From: Mark Davis (mark.davis@icu-project.org)
Date: Thu May 03 2007 - 17:33:17 CST
In practice, I don't think this new character need cause any particular
problems for searching. It can compatibly have the relation
lowercase(capital-ß) = ß
That means that we would make it a case-folding variant of ß, and a
collation variant of ß. We would still keep the uppercase mapping:
uppercase(ß) = SS
Mark
On 5/3/07, John Hudson <john@tiro.ca> wrote:
>
> I've been thinking about this, and it seems to me that the proposed
> encoding isn't ideal.
> What it basically amounts to is a glyph encoding for a variant form that
> some people like
> to use in place of the orthographically normative sequence SS. Although it
> is proposed to
> be named as a CAPITAL LETTER, it is deliberately cut off from any standard
> relationship
> with the lowercase ß, so in this important respect does not operate like a
> letter at all.
> It is a kind of letter-like sign that can be used by people who don't mind
> breaking their
> text -- in terms of spellchecking, case, searching, sorting -- in order to
> display this
> glyph variant.
>
> It is this breaking of the text that is bothering me, perhaps because I'm
> a font developer
> and it took a long time to drag this industry away from the
> hack-text-to-get-glyph-variant
> school of typography and to a place where glyph selection is properly
> separated from text
> encoding.
>
> The fundamental problem of the ß in casing is that, in German, the
> character sequence 'SS'
> does not always equal 'SS' in terms of its relationship to corresponding
> lowercase
> letters.
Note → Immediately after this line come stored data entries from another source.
(* For every instance $(A,C,k)$, there exists a committee satisfying EJR+ whose representation ratio is at least $\frac34-\frac{2}{\sqrt{k}}$ and whose utilitarian ratio is at least $\frac{2}{\sqrt{k}}-\frac1k$.
   Context: An instance $(A,C,k)$ consists of a finite nonempty candidate set $C$, voters $N=\{1,\dots,n\}$, approval sets $A_i\subseteq C$, and a committee size $1\le k\le|C|$. A committee is $W\subseteq C$ with $|W|\le k$. $\mathrm{sw}(W)=\sum_i|A_i\cap W|$ and $\mathrm{cov}(W)=|\{i:A_i\cap W\ne\emptyset\}|$; the utilitarian ratio is $\mathrm{sw}(W)/\max\{\mathrm{sw}(W'):|W'|=k\}$ and the representation ratio is $\mathrm{cov}(W)/\max\{\mathrm{cov}(W'):|W'|=k\}$. $W$ satisfies EJR+ if for every $\ell\in\{1,\dots,k\}$ and every $N'\subseteq N$ with $|N'|\ge\ell n/k$ and $\bigcap_{i\in N'}A_i\ne\emptyset$, either some $i\in N'$ has $|A_i\cap W|\ge\ell$ or $\bigcap_{i\in N'}A_i\subseteq W$. *)

theory Defs
  imports Complex_Main
begin

definition is_instance :: "'c set \<Rightarrow> nat \<Rightarrow> (nat \<Rightarrow> 'c set) \<Rightarrow> nat \<Rightarrow> bool" where
  "is_instance C n A k \<longleftrightarrow> 1 \<le> n \<and> finite C \<and> C \<noteq> {} \<and> (\<forall>i\<in>{1..n}. A i \<subseteq> C)
     \<and> 1 \<le> k \<and> k \<le> card C"

definition committee :: "'c set \<Rightarrow> nat \<Rightarrow> 'c set \<Rightarrow> bool" where
  "committee C k W \<longleftrightarrow> W \<subseteq> C \<and> card W \<le> k"

definition sw :: "nat \<Rightarrow> (nat \<Rightarrow> 'c set) \<Rightarrow> 'c set \<Rightarrow> nat" where
  "sw n A W = (\<Sum>i\<in>{1..n}. card (A i \<inter> W))"

definition cov :: "nat \<Rightarrow> (nat \<Rightarrow> 'c set) \<Rightarrow> 'c set \<Rightarrow> nat" where
  "cov n A W = card {i\<in>{1..n}. A i \<inter> W \<noteq> {}}"

definition opt_sw :: "'c set \<Rightarrow> nat \<Rightarrow> (nat \<Rightarrow> 'c set) \<Rightarrow> nat \<Rightarrow> nat" where
  "opt_sw C n A k = Max {sw n A W' | W'. W' \<subseteq> C \<and> card W' = k}"
lemma surj: "{0<..} \<subseteq> M ` {0<..}"
proof
  fix s :: real assume "s \<in> {0<..}"
  then have "0 < s" by simp
  consider "s < 1" | "1 \<le> s" "s \<le> 2 powr (5/2)" | "2 powr (5/2) < s"
    by linarith
  then show "s \<in> M ` {0<..}"
  proof cases
    case 1
    define t where "t = s powr (-1/b)"
    have "s powr (1/b) < 1"
      using \<open>0 < s\<close> 1 b_pos powr_less_mono2[of "1/b" s 1] by simp
    then have "1 < t"
      unfolding t_def using \<open>0 < s\<close> by (simp add: powr_minus one_less_inverse)
    moreover have "M t = s"
      using upper_piece[of t] \<open>1 < t\<close> \<open>0 < s\<close> b_pos by (simp add: t_def powr_powr)
    ultimately show ?thesis
      by (intro image_eqI[of _ _ t]) auto
  next
    case 2
    have "M (1/2) = 2 powr (5/2)"
      by (simp add: glued_power_def powr_minus powr_divide)
    moreover have "M 1 = 1"
      using upper_piece[of 1] by simp
    moreover have "continuous_on {1/2..1} M"
      by (intro continuous_at_imp_continuous_on ballI isCont_M) auto
    ultimately obtain t where "1/2 \<le> t" "t \<le> 1" "M t = s"
      using IVT2'[of M 1 s "1/2"] 2 by auto
    then show ?thesis
      by (intro image_eqI[of _ _ t]) auto
  next
    case 3
    define t where "t = s powr (-2/5)"
    have "(2 powr (5/2)) powr (2/5) < s powr (2/5)"
      using 3 by (intro powr_less_mono2) auto
    then have "2 < s powr (2/5)"
      by (simp add: powr_powr)
    then have "t < 1/2"
      unfolding t_def using \<open>0 < s\<close> by (simp add: powr_minus divide_simps)
    moreover have "M t = s"
      using \<open>t < 1/2\<close> \<open>0 < s\<close> by (simp add: glued_power_def t_def powr_powr)
    moreover have "0 < t"
      unfolding t_def using \<open>0 < s\<close> by simp
    ultimately show ?thesis
      by (intro image_eqI[of _ _ t]) auto
  qed
qed
(* In the persuasion setting of the context, if the channel capacity is zero, $C(Q)=0$, then for all positive integers $k,n$, $$U^*_S(\mu^n,Q^k)=V\Big(\mu,\tfrac{k}{n}C(Q)\Big)=u^*_S(\mu).$$
   Context: For a finite set $S$, $\Delta(S)$ denotes the set of probability distributions on $S$. Let $\Omega$ be a finite set of states with prior $\mu\in\Delta(\Omega)$, $A$ a finite set of actions, $u_S,u_R:\Omega\times A\to\mathbb{R}$ payoffs of sender and receiver. A channel $(X,Y,Q)$: finite sets $X,Y$ and $Q:X\to\Delta(Y)$. For positive integers $n,k$: a sender strategy is $\sigma:\Omega^n\to\Delta(X^k)$; $\omega^n$ drawn i.i.d. from $\mu$ ($\mu^n(\omega^n)=\prod_t\mu(\omega_t)$), $x^k$ with probability $\sigma(x^k|\omega^n)$, $y^k$ with probability $Q^k(y^k|x^k)=\prod_tQ(y_t|x_t)$, observed by the receiver; a receiver strategy is $\tau:Y^k\to A^n$. Payoffs $\bar u_i(\omega^n,a^n)=\frac1n\sum_tu_i(\omega_t,a_t)$. $BR(\sigma)$: strategies $\tau$ such that for each $y^k$, $\tau(y^k)$ maximizes $\sum_{\omega^n,x^k}\mu^n(\omega^n)\sigma(x^k|\omega^n)Q^k(y^k|x^k)\bar u_R(\omega^n,a^n)$ over $a^n$. $U^*_S(\mu^n,Q^k)=\sup_\sigma\min_{\tau\in BR(\sigma)}\sum_{\omega^n,x^k,y^k}\mu^n(\omega^n)\sigma(x^k|\omega^n)Q^k(y^k|x^k)\bar u_S(\omega^n,\tau(y^k))$. $A^*(\nu)=\arg\max_a\sum_\omega\nu(\omega)u_R(\omega,a)$, $u^*_S(\nu)=\min_{a\in A^*(\nu)}\sum_\omega\nu(\omega)u_S(\omega,a)$. $H(q)=-\sum_sq(s)\log_2q(s)$. Capacity $C(Q)=\max_{p\in\Delta(X)}\big[H(\sum_xp(x)Q(\cdot|x))-\sum_xp(x)H(Q(\cdot|x))\big]$. A splitting of $\mu$: finite family $(\lambda_m,\nu_m)_m$, $\nu_m\in\Delta(\Omega)$, $\lambda_m\ge0$, $\sum\lambda_m=1$, $\sum\lambda_m\nu_m=\mu$. $V(\mu,c)=\sup\{\sum_m\lambda_mu^*_S(\nu_m):\text{splitting of }\mu,\ H(\mu)-\sum_m\lambda_mH(\nu_m)\le c\}$. *)

theory Defs
  imports Complex_Main
begin

definition is_dist :: "('s::finite \<Rightarrow> real) \<Rightarrow> bool" where
  "is_dist p \<longleftrightarrow> (\<forall>s. 0 \<le> p s) \<and> (\<Sum>s\<in>UNIV. p s) = 1"

definition is_dist_on :: "'s set \<Rightarrow> ('s \<Rightarrow> real) \<Rightarrow> bool" where
  "is_dist_on S p \<longleftrightarrow> (\<forall>s\<in>S. 0 \<le> p s) \<and> (\<Sum>s\<in>S. p s) = 1"

definition words :: "nat \<Rightarrow> 'a list set" where
  "words n = {xs. length xs = n}"
(* Let $(M,J)$ be an almost complex manifold and $\nabla$ a connection on $M$, with torsion $T$. Let $S\in T^1_2M$ be the tensor $$S(X,Y)=-(\nabla J)(X,Y)+(\nabla J)(Y,X)+T(JX,Y)-JT(X,Y).$$ Then: (1) $J^{G,\nabla}=\widetilde{J}$ if and only if $S=-\tfrac12 JN_J$; (2) $J^{G,\nabla}=J^{H,\nabla}$ if and only if $T(JX,Y)=T(X,JY)$ for all vector fields $X,Y$; (3) for every almost complex and minimal connection $\nabla$ on $M$, $J^{G,\nabla}=\widetilde{J}=J^{H,\nabla}$.
   Context: $M$ is a smooth real manifold of even dimension $n$, $J$ an almost complex structure on $M$ (a $(1,1)$-tensor field with $J^2=-\mathrm{Id}$), $\pi:T^*M\to M$ the cotangent bundle. Local coordinates $(x_1,\dots,x_n)$ on $M$ induce coordinates $(x_1,\dots,x_n,p_1,\dots,p_n)$ on $T^*M$; Einstein summation is used; $J=J^k_l\,dx^l\otimes\partial_{x_k}$. For a connection $\nabla$: torsion $T(X,Y)=\nabla_XY-\nabla_YX-[X,Y]$; $(\nabla J)(X,Y):=\nabla_X(JY)-J\nabla_XY$; $\widetilde\nabla:=\nabla-\tfrac12T$. $\nabla$ is almost complex if $\nabla_X(JY)=J\nabla_XY$ for all $X,Y$, and minimal if $T=\tfrac14N_J$, where $N_J(X,Y)=[JX,JY]-J[X,JY]-J[JX,Y]-[X,Y]$ is the Nijenhuis tensor. $\nabla$ induces a connection on $T^*M$ by $(\nabla_Xs)(Y)=X(s(Y))-s(\nabla_XY)$. For $\xi\in T^*_xM$, the horizontal space is $H^\nabla_\xi=\{d_xs(X): X\in T_xM,\ s$ a section of $T^*M$ with $s(x)=\xi,\ \nabla_Xs=0\}$; then $T_\xi T^*M=H^\nabla_\xi\oplus T^*_xM$ (the second summand being the vertical space), $d_\xi\pi$ is an isomorphism $H^\nabla_\xi\to T_xM$, and $v^\nabla$ denotes projection to $T^*_xM$ along $H^\nabla_\xi$. The generalized horizontal lift $J^{G,\nabla}$ is the almost complex structure on $T^*M$ defined, for $Y=(X,v^\nabla(Y))\in H^\nabla_\xi\oplus T^*_xM$, by $J^{G,\nabla}Y=(JX,{}^tJ(v^\nabla(Y)))$ where $JX:=(d_\xi\pi|_{H^\nabla_\xi})^{-1}(J(x)d_\xi\pi(X))$. Contraction: for $R=R^k_{ij}dx^i\otimes dx^j\otimes\partial_{x_k}\in T^1_2M$, $\gamma(R):=p_kR^k_{ij}\,dx^i\otimes\partial_{p_j}$, a $(1,1)$-tensor on $T^*M$. Let $\theta=p_idx^i$ be the Liouville form, $\omega_{st}=d\theta$, and $\theta(J)=p_kJ^k_ldx^l$; the complete lift $J^c$ is the $(1,1)$-tensor on $T^*M$ defined by $d(\theta(J))=\omega_{st}(J^c\cdot,\cdot)$ (locally, in block form w.r.t. $(x,p)$: upper-left $J^i_j$, upper-right $0$, lower-left $p_k(\partial_{x_j}J^k_i-\partial_{x_i}J^k_j)$, lower-right $J^j_i$). Satô's (complete) lift is $\widetilde J:=J^c-\tfrac12\gamma(JN_J)$. The horizontal lift (Ishihara–Yano) is $J^{H,\nabla}:=J^c+\gamma([\widetilde\nabla J])$ with $[\widetilde\nabla J](X,Y)=-(\widetilde\nabla J)(X,Y)+(\widetilde\nabla J)(Y,X)$. *)

theory Defs
  imports "HOL-Analysis.Analysis"
begin
lemma h_irreducible_image_eq:
  assumes f: "h_equivariant br h f"
    and A: "h_irreducible br h A" and B: "h_irreducible br h B"
    and meet: "f ` A \<inter> B \<noteq> {0}"
  shows "f ` A = B"
proof -
  have lin: "linear f" and modA: "h_submodule br h A" and modB: "h_submodule br h B"
    using f A B by (simp_all add: h_equivariant_def h_irreducible_def)
  have "0 \<in> A" and "0 \<in> B" and "f 0 = 0"
    using modA modB linear_0[OF lin] by (simp_all add: h_submodule_def subspace_0)
  then have "0 \<in> f ` A \<inter> B"
    by force
  with meet obtain x where x: "x \<in> A" "f x \<in> B" "f x \<noteq> 0"
    by blast
  with \<open>f 0 = 0\<close> have "x \<in> A \<inter> f -` B" and "x \<noteq> 0"
    by auto
  then have "A \<inter> f -` B = A"
    using h_irreducible_eqI[OF A h_submodule_vimage[OF f modA modB]] by blast
  then have "f ` A \<subseteq> B"
    by (metis Int_lower2 image_subset_iff_subset_vimage)
  moreover have "f ` A \<noteq> {0}"
    using x by blast
  ultimately show ?thesis
    using h_irreducible_eqI[OF B h_submodule_image[OF f modA]] by blast
qed

lemma h_irreducible_inj_on:
  assumes "bilinear br" and f: "h_equivariant br h f"
    and A: "h_irreducible br h A" and nonzero: "f ` A \<noteq> {0}"
  shows "inj_on f A"
proof -
  have lin: "linear f" and modA: "h_submodule br h A"
    using f A by (simp_all add: h_equivariant_def h_irreducible_def)
  have kernel: "A \<inter> f -` {0} = {0}"
  proof (rule ccontr)
    assume "A \<inter> f -` {0} \<noteq> {0}"
    then have "A \<inter> f -` {0} = A"
      by (rule h_irreducible_eqI[OF A h_submodule_vimage[OF f modA h_submodule_zero[OF assms(1)]]
            Int_lower1])
    then have "f ` A \<subseteq> {0}"
      by (metis Int_lower2 image_subset_iff_subset_vimage)
    moreover have "0 \<in> A"
      using modA by (simp add: h_submodule_def subspace_0)
    ultimately show False
      using nonzero by (auto simp: subset_singleton_iff)
  qed
  have "\<forall>x\<in>A. f x = 0 \<longrightarrow> x = 0"
  proof (intro ballI impI)
    fix x assume "x \<in> A" and "f x = 0"
    then have "x \<in> A \<inter> f -` {0}"
      by simp
    then show "x = 0"
      using kernel by simp
  qed
  then show ?thesis
    using modA lin by (simp add: h_submodule_def linear_injective_on_subspace_0)
qed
Frankly, this just looks like bad orthographic practice to me,
> and I'm not
> surprised that some people over a century or more have attempted to affect
> a reform of the
> orthography by the introduction of a clean uppercase equivalent to ß. Now
> we're in the odd
> position of trying to find a way to support that failed orthographic
> reform in parallel to
> the normal spelling conventions, as a display option.
>
> I'm wondering if there isn't some way to do this that doesn't necessitate
> breaking text in
> order to achieve the display result. Let's say that someone has some
> lowercase text e.g.
> 'Schriftgießerei', which he decides he wants to set in all caps and using
> the uppercase ß
> glyph. This will require either a custom casing algorithm to bypass the
> standard special
> casing of the ß character, or will require manual intervention. The latter
> is likely to be
> more common, and it is necessary to affect the change before converting
> the text to
> uppercase with standard algorithms, in order to catch the ß before it
> becomes SS. So the
> user goes into the text and converts every occurence of U+0223 to the
> proposed U+1E9E.
> Then he runs the case conversion function in his software to convert the
> rest of the
> letters in the string. It is a bit laborious, but in the end he has what
> he wants...
> unless he wants the result to be searchable as 'SCHRIFTGIESSEREI' or in a
> caseless search
> as 'schriftgießerei'.
>
> [The proposal recommends for discussion a possible compatibility
> decomposition to 'U+0053
> U+0053' to 'provide for the equivalence of the character sequences
> "capital ß" and "SS" in
> those applications that use the Normalization Form KD or KC for the
> detection of sameness
> of names etc.' How viable is this?]
>
>
> My own line of thinking is leaning towards a different approach, which
> would still require
> custom casing or manual intervention to achieve the desired display
> result, but would do
> so without breaking the text or contravening German orthographic rules.
> Rather than
> substituting for ß a nominal uppercase letter character that doesn't
> behave like an
> uppercase letter in its relationship to the lowercase, the user would
> substitute the
> orthographically correct SS but with an intervening, ignorable control
> character that
> would indicate the desired visual display, which could be resolved at the
> glyph level as
> appropriate:
>
> S + ZWJ + S
>
> or perhaps
>
> S + CGJ + S
>
> This at once preserves the normative casing of ß for search operations
> etc. while also
> providing a plain text distinction between capitalised double-s and
> sharp-s. Vitally, it
> also provides a mechanism that enables clean font switching with existing
> fonts, which by
> default would display the orthographically correct 'SS' rather than a
> .notdef glyph in the
> absence of glyph support for the uppercase ß form.
>
> John Hudson
>
> --
>
> Tiro Typeworks www.tiro.com
> Gulf Islands, BC tiro@tiro.com
>
> We say our understanding measures how things are,
> and likewise our perception, since that is how we
> find our way around, but in fact these do not measure.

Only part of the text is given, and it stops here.